(* Let $G$ be a finite group with identity $e$ and $H$ a normal subgroup of $G$ with $|H|=3$. Then the following two conditions are equivalent: (a) for every $x\in G\setminus H$, one has $x^2\in H$ and the coset $Hx$ contains an element of order at least $3$; (b) there exist $n\ge 0$ and an isomorphism $G\cong\mathbb{Z}_2^n\times\mathbb{Z}_3$ mapping $H$ onto the subgroup $\{(0,\dots,0,0),(0,\dots,0,1),(0,\dots,0,2)\}=\{0\}^n\times\mathbb{Z}_3$. *)

theory Defs
  imports "HOL-Algebra.Elementary_Groups" "HOL-Algebra.Multiplicative_Group" "HOL-Algebra.Product_Groups"
begin

definition Z2n_Z3 :: "nat \<Rightarrow> ((nat \<Rightarrow> int) \<times> int) monoid" where
  "Z2n_Z3 n = product_group {..<n} (\<lambda>_. integer_mod_group 2) \<times>\<times> integer_mod_group 3"

definition Z3_factor :: "nat \<Rightarrow> ((nat \<Rightarrow> int) \<times> int) set" where
  "Z3_factor n = {\<one>\<^bsub>product_group {..<n} (\<lambda>_. integer_mod_group 2)\<^esub>} \<times> carrier (integer_mod_group 3)"

end

theory Submission
  imports Defs
begin

(*
  (a) \<Longrightarrow> (b).  For x \<notin> H the coset Hx contains some y with y\<^sup>2 \<noteq> 1;
  as y\<^sup>2 \<in> H - {1} generates H, y centralises H, and therefore so does x.  So H is central and
  contains every square.  For x, y \<in> G the commutator k = x\<^sup>-\<^sup>1 y x y\<^sup>-\<^sup>1 then lies in H, and
  conjugating y by the central element x\<^sup>2 gives k\<^sup>2 = 1, whence k = 1 as |H| is odd.  Thus G
  is abelian and is the internal direct product of H and its 2-torsion subgroup E, because
  g = g\<^sup>3 g\<^sup>4 with g\<^sup>3 \<in> E and g\<^sup>4 \<in> H.  A maximal independent family of involutions identifies
  E with \<int>\<^sub>2\<^sup>n.

  (b) \<Longrightarrow> (a).  In \<int>\<^sub>2\<^sup>n \<times> \<int>\<^sub>3 all squares lie in {0}\<^sup>n \<times> \<int>\<^sub>3, and the coset of (v, k)
  contains (v, 1), whose double (0, 2) is not zero.
*)

context group
begin

lemma ord_ge_3_iff_square_ne_one:
  assumes "finite (carrier G)" and "y \<in> carrier G"
  shows "3 \<le> ord y \<longleftrightarrow> y \<otimes> y \<noteq> \<one>"
proof -
  have "y \<otimes> y = \<one> \<longleftrightarrow> ord y dvd 2"
    using pow_eq_id[OF assms(2), of 2] assms(2) by (simp add: numeral_2_eq_2)
  moreover have "ord y dvd 2 \<longleftrightarrow> ord y \<le> 2"
  proof
    assume "ord y \<le> 2"
    then have "ord y = 1 \<or> ord y = 2"
      using ord_ge_1[OF assms] by linarith
    then show "ord y dvd 2"
      by auto
  qed (simp add: dvd_imp_le)
  ultimately show ?thesis
    by linarith
qed

lemma int_pow_two: "x \<in> carrier G \<Longrightarrow> x [^] (2::int) = x \<otimes> x"
  by (simp add: int_pow_def2 numeral_2_eq_2)

lemma int_pow_hom_integer_mod_group:
  assumes "a \<in> carrier G" and "a [^] n = \<one>"
  shows "(\<lambda>k::int. a [^] k) \<in> hom (integer_mod_group n) G"
proof (rule homI)
  fix k l :: int
  have "int (ord a) dvd int n"
    using assms by (simp add: pow_eq_id)
  then have "int (ord a) dvd (k + l) - (k + l) mod int n"
    by (simp add: minus_mod_eq_mult_div)
  then have "a [^] ((k + l) mod int n) = a [^] (k + l)"
    using assms(1) by (simp add: int_pow_eq)
  then show "a [^] (k \<otimes>\<^bsub>integer_mod_group n\<^esub> l) = a [^] k \<otimes> a [^] l"
    using assms(1) by (simp add: int_pow_mult)
qed (use assms(1) in simp)

lemma subgroup_card_3_cyclic:
  assumes "subgroup H G" and "card H = 3"
  obtains h where "h \<in> carrier G" "h \<otimes> h \<otimes> h = \<one>" "H = {\<one>, h, h \<otimes> h}"
proof -
  interpret H: subgroup H G by (rule assms(1))
  have "card (H - {\<one>}) = 2"
    using assms(2) by simp
  then obtain a b where ab: "H - {\<one>} = {a, b}" "a \<noteq> b"
    unfolding card_2_iff by blast
  then have H_eq: "H = {\<one>, a, b}" and a: "a \<in> H" "a \<noteq> \<one>" and b: "b \<in> H" "b \<noteq> \<one>"
    using H.one_closed by blast+
  have aG: "a \<in> carrier G" and bG: "b \<in> carrier G"
    using a b by auto
  have "a \<otimes> a \<noteq> \<one>"
  proof
    assume aa: "a \<otimes> a = \<one>"
    have "a \<otimes> b \<noteq> \<one>"
      using aa ab(2) aG bG by (metis Units_eq Units_l_cancel)
    moreover have "a \<otimes> b \<noteq> a" "a \<otimes> b \<noteq> b"
      using a(2) b(2) aG bG by simp_all
    ultimately show False
      using H_eq H.m_closed[OF a(1) b(1)] by blast
  qed
  moreover have "a \<otimes> a \<noteq> a"
    using a(2) aG by simp
  ultimately have b_eq: "b = a \<otimes> a"
    using H_eq H.m_closed[OF a(1) a(1)] by blast
  have "a \<otimes> a \<otimes> a \<noteq> a" "a \<otimes> a \<otimes> a \<noteq> a \<otimes> a"
    using a(2) b(2) b_eq aG by simp_all
  then have "a \<otimes> a \<otimes> a = \<one>"
    using H_eq b_eq H.m_closed[OF H.m_closed[OF a(1) a(1)] a(1)] by blast
  then show thesis
    using that aG H_eq b_eq by blast
qed

lemma subgroup_card_3_cube:
  assumes "subgroup H G" and "card H = 3" and "z \<in> H"
  shows "z \<otimes> z \<otimes> z = \<one>"
proof -
  obtain h where h: "h \<in> carrier G" "h \<otimes> h \<otimes> h = \<one>" and H_eq: "H = {\<one>, h, h \<otimes> h}"
    using subgroup_card_3_cyclic[OF assms(1,2)] by metis
  have "h \<otimes> h \<otimes> (h \<otimes> h) \<otimes> (h \<otimes> h) = (h \<otimes> h \<otimes> h) \<otimes> (h \<otimes> h \<otimes> h)"
    using h(1) by (simp add: m_assoc)
  then show ?thesis
    using assms(3) h by (auto simp: H_eq)
qed

lemma subgroup_card_3_square_eq_one:
  assumes "subgroup H G" and "card H = 3" and "z \<in> H" and "z \<otimes> z = \<one>"
  shows "z = \<one>"
  using subgroup_card_3_cube[OF assms(1-3)] assms(3,4) subgroup.mem_carrier[OF assms(1)] by simp

lemma subgroup_card_3_comm:
  assumes "subgroup H G" and "card H = 3" and "u \<in> H" and "v \<in> H"
  shows "u \<otimes> v = v \<otimes> u"
proof -
  obtain h where "h \<in> carrier G" and H_eq: "H = {\<one>, h, h \<otimes> h}"
    using subgroup_card_3_cyclic[OF assms(1,2)] by metis
  then show ?thesis
    using assms(3,4) by (auto simp: m_assoc)
qed

lemma subgroup_card_3_generated:
  assumes "subgroup H G" and "card H = 3" and "k \<in> H" and "k \<noteq> \<one>"
  shows "H = {\<one>, k, k \<otimes> k}"
proof -
  obtain h where h: "h \<in> carrier G" "h \<otimes> h \<otimes> h = \<one>" and H_eq: "H = {\<one>, h, h \<otimes> h}"
    using subgroup_card_3_cyclic[OF assms(1,2)] by metis
  have "(h \<otimes> h) \<otimes> (h \<otimes> h) = (h \<otimes> h \<otimes> h) \<otimes> h"
    using h(1) by (simp add: m_assoc)
  then have "(h \<otimes> h) \<otimes> (h \<otimes> h) = h"
    using h by simp
  then show ?thesis
    using assms(3,4) H_eq by auto
qed

lemma subgroup_card_3_embedding:
  assumes "subgroup H G" and "card H = 3"
  obtains g where "g \<in> hom (integer_mod_group 3) G" "inj_on g (carrier (integer_mod_group 3))"
    "g ` carrier (integer_mod_group 3) = H"
proof -
  obtain h where h: "h \<in> carrier G" "h \<otimes> h \<otimes> h = \<one>" and H_eq: "H = {\<one>, h, h \<otimes> h}"
    using subgroup_card_3_cyclic[OF assms] by metis
  let ?g = "\<lambda>k::int. h [^] k"
  have "?g \<in> hom (integer_mod_group 3) G"
    using h by (intro int_pow_hom_integer_mod_group) (simp_all add: numeral_3_eq_3)
  moreover have "{0..<3::int} = {0, 1, 2}"
    by auto
  then have image: "?g ` carrier (integer_mod_group 3) = H"
    using h(1) by (simp add: carrier_integer_mod_group H_eq int_pow_two)
  moreover have "inj_on ?g (carrier (integer_mod_group 3))"
    using image assms(2) by (simp add: inj_on_iff_eq_card carrier_integer_mod_group)
  ultimately show thesis
    using that by blast
qed

lemma subgroup_card_3_central:
  assumes H: "subgroup H G" "card H = 3"
    and squares: "\<And>x. x \<in> carrier G \<Longrightarrow> x \<otimes> x \<in> H"
    and non_involution: "\<And>x. x \<in> carrier G - H \<Longrightarrow> \<exists>y \<in> H #> x. y \<otimes> y \<noteq> \<one>"
    and z: "z \<in> H" and x: "x \<in> carrier G"
  shows "z \<otimes> x = x \<otimes> z"
proof (cases "x \<in> H")
  case True
  then show ?thesis
    using subgroup_card_3_comm[OF H z] by blast
next
  case False
  then obtain y where "y \<in> H #> x" and yy: "y \<otimes> y \<noteq> \<one>"
    using non_involution x by blast
  then obtain w where w: "w \<in> H" and y_eq: "y = w \<otimes> x"
    unfolding r_coset_def by blast
  have zG: "z \<in> carrier G" and wG: "w \<in> carrier G"
    using z w subgroup.mem_carrier[OF H(1)] by auto
  then have y: "y \<in> carrier G"
    using x y_eq by simp
  have "z \<in> {\<one>, y \<otimes> y, (y \<otimes> y) \<otimes> (y \<otimes> y)}"
    using subgroup_card_3_generated[OF H squares[OF y] yy] z by blast
  then have zy: "z \<otimes> y = y \<otimes> z"
    using y by (auto simp: m_assoc)
  have "w \<otimes> (z \<otimes> x) = z \<otimes> y"
    using subgroup_card_3_comm[OF H z w] zG wG x by (simp add: y_eq flip: m_assoc)
  also have "\<dots> = w \<otimes> (x \<otimes> z)"
    using zy zG wG x by (simp add: y_eq m_assoc)
  finally show ?thesis
    using zG wG x by simp
qed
========================================
For the material above, reproduce exactly the lines from the line with "k) \<in> hom" to the line with "obtains h where", inclusive, and exclude all others.

- [Response to the exercise]
  shows "(\<lambda>k::int. a [^] k) \<in> hom (integer_mod_group n) G"
proof (rule homI)
  fix k l :: int
  have "int (ord a) dvd int n"
    using assms by (simp add: pow_eq_id)
  then have "int (ord a) dvd (k + l) - (k + l) mod int n"
    by (simp add: minus_mod_eq_mult_div)
  then have "a [^] ((k + l) mod int n) = a [^] (k + l)"
    using assms(1) by (simp add: int_pow_eq)
  then show "a [^] (k \<otimes>\<^bsub>integer_mod_group n\<^esub> l) = a [^] k \<otimes> a [^] l"
    using assms(1) by (simp add: int_pow_mult)
qed (use assms(1) in simp)

lemma subgroup_card_3_cyclic:
  assumes "subgroup H G" and "card H = 3"
  obtains h where "h \<in> carrier G" "h \<otimes> h \<otimes> h = \<one>" "H = {\<one>, h, h \<otimes> h}"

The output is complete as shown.